"[...] Ma allora, per voi i bambini non sono una risorsa? In Finlandia le aziende considerano ogni figlio di un dipendente un loro figlio, un investimento sul futuro. Da proteggere, coccolare. Ci sono gli asili per tutti, gli orari di lavoro sono pensati in modo da permettere di seguire la famiglia, a nessuno verrebbe mai in mente di ostacolare una mamma o un papà [...]". Questo stralcio di articolo è tratto da Donna Moderna del 16 giugno 2010, pag. 19 ed è scritto dal caporedattore Sabrina Barbieri.

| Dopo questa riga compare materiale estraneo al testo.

text \<open>Since the open negative orthant is a cone, a linear (rather than affine) dependence
  among the points suffices to drop one of them after renormalising the weights; hence
  \<open>n\<close> points suffice instead of the \<open>n + 1\<close> of Caratheodory's theorem.\<close>

lemma caratheodory_negative_orthant_step:
  fixes v :: "'k \<Rightarrow> nat \<Rightarrow> real"
  assumes "1 \<le> n" "finite K" "n < card K" "\<forall>k\<in>K. 0 \<le> t k" "sum t K = 1"
    and neg: "\<forall>i<n. (\<Sum>k\<in>K. t k * v k i) < 0"
  obtains j t' where "j \<in> K" "\<forall>k\<in>K - {j}. 0 \<le> t' k" "sum t' (K - {j}) = 1"
    "\<forall>i<n. (\<Sum>k\<in>K - {j}. t' k * v k i) < 0"
proof -
  obtain \<mu> k\<^sub>0 where \<mu>: "k\<^sub>0 \<in> K" "\<mu> k\<^sub>0 < 0" "\<forall>i<n. (\<Sum>k\<in>K. \<mu> k * v k i) = 0"
    using exists_linear_dependence_negative[OF assms(2,3)] by blast
  obtain s j where s: "j \<in> K" "t j + s * \<mu> j = 0" "\<forall>k\<in>K. 0 \<le> t k + s * \<mu> k"
    using exists_nonneg_shift_vanishing[of K t k\<^sub>0 \<mu>, OF assms(2,4) \<mu>(1,2)] by blast
  define \<tau> where "\<tau> k = t k + s * \<mu> k" for k
  have sum_remove_j: "(\<Sum>k\<in>K - {j}. \<tau> k * g k) = (\<Sum>k\<in>K. \<tau> k * g k)" for g :: "'k \<Rightarrow> real"
    using assms(2) s(1,2) by (simp add: sum.remove \<tau>_def)
  have \<tau>_combination: "(\<Sum>k\<in>K. \<tau> k * v k i) = (\<Sum>k\<in>K. t k * v k i)" if "i < n" for i
    using \<mu>(3) that
    by (simp add: \<tau>_def distrib_right sum.distrib mult.assoc flip: sum_distrib_left)
  define S where "S = (\<Sum>k\<in>K - {j}. \<tau> k)"
  have "S \<noteq> 0"
  proof
    assume "S = 0"
    then have "\<forall>k\<in>K - {j}. \<tau> k = 0"
      using assms(2) s(3) sum_nonneg_eq_0_iff[of "K - {j}" \<tau>] by (auto simp: S_def \<tau>_def)
    then have "(\<Sum>k\<in>K - {j}. \<tau> k * v k 0) = 0"
      by simp
    then show False
      using neg assms(1) sum_remove_j \<tau>_combination by fastforce
  qed
  moreover have "0 \<le> S"
    unfolding S_def \<tau>_def using s(3) by (intro sum_nonneg) auto
  ultimately have "0 < S"
    by simp
  define t' where "t' k = \<tau> k / S" for k
  have "\<forall>k\<in>K - {j}. 0 \<le> t' k"
    using s(3) \<open>0 < S\<close> by (simp add: t'_def \<tau>_def)
  moreover have "sum t' (K - {j}) = 1"
    using \<open>0 < S\<close> by (simp add: t'_def S_def flip: sum_divide_distrib)
  moreover have "(\<Sum>k\<in>K - {j}. t' k * v k i) < 0" if "i < n" for i
  proof -
    have "(\<Sum>k\<in>K - {j}. t' k * v k i) = (\<Sum>k\<in>K - {j}. \<tau> k * v k i) / S"
      by (simp add: t'_def sum_divide_distrib)
    also have "\<dots> = (\<Sum>k\<in>K. t k * v k i) / S"
      using sum_remove_j \<tau>_combination that by simp
    finally show ?thesis
      using neg that \<open>0 < S\<close> by (simp add: divide_neg_pos)
  qed
  ultimately show ?thesis
    using that s(1) by blast
qed

lemma caratheodory_negative_orthant:
  fixes v :: "'k \<Rightarrow> nat \<Rightarrow> real"
  assumes "1 \<le> n" "finite K" "\<forall>k\<in>K. 0 \<le> t k" "sum t K = 1"
    and "\<forall>i<n. (\<Sum>k\<in>K. t k * v k i) < 0"
  obtains K' t' where "K' \<subseteq> K" "card K' \<le> n" "\<forall>k\<in>K'. 0 \<le> t' k" "sum t' K' = 1"
    "\<forall>i<n. (\<Sum>k\<in>K'. t' k * v k i) < 0"
proof -
  have "\<exists>K' t'. K' \<subseteq> K \<and> card K' \<le> n \<and> (\<forall>k\<in>K'. 0 \<le> t' k) \<and> sum t' K' = 1 \<and>
      (\<forall>i<n. (\<Sum>k\<in>K'. t' k * v k i) < 0)"
    using assms(2-)
  proof (induction "card K" arbitrary: K t rule: less_induct)
    case less
    show ?case
    proof (cases "card K \<le> n")
      case True
      then show ?thesis
        using less.prems by blast
    next
      case False
      then have "n < card K"
        by simp
      then obtain j t' where j: "j \<in> K" "\<forall>k\<in>K - {j}. 0 \<le> t' k" "sum t' (K - {j}) = 1"
        "\<forall>i<n. (\<Sum>k\<in>K - {j}. t' k * v k i) < 0"
        using caratheodory_negative_orthant_step[OF assms(1) less.prems(1) _ less.prems(2-)]
        by blast
      have "card (K - {j}) < card K"
        using less.prems(1) j(1) by (rule card_Diff1_less)
      with less.hyps[OF this _ j(2-4)] less.prems(1) show ?thesis
        by blast
    qed
  qed
  then show ?thesis
    using that by blast
qed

La conversazione riportata risale a quindici anni fa, ma la situazione in Italia non sembra molto cambiata.
Ci rendiamo conto che il discorso è sempre lo stesso, ma proprio per questo è sempre più grave!
Infatti, banalizzare il fatto che manca completamente una rete di sostegno sociale e statale per la donna-lavoratrice-mamma è un atto gravissimo. Inoltre, sempre più spesso, non è possibile ( e neanche è scontato) fare affidamento sui nonni o perché lontani o perché lavorano ancora.
In un momento di crisi come quello che stiamo attraversando, non investire nell'unica vera risorsa per il futuro, cioè nell'infanzia, è un atto criminoso.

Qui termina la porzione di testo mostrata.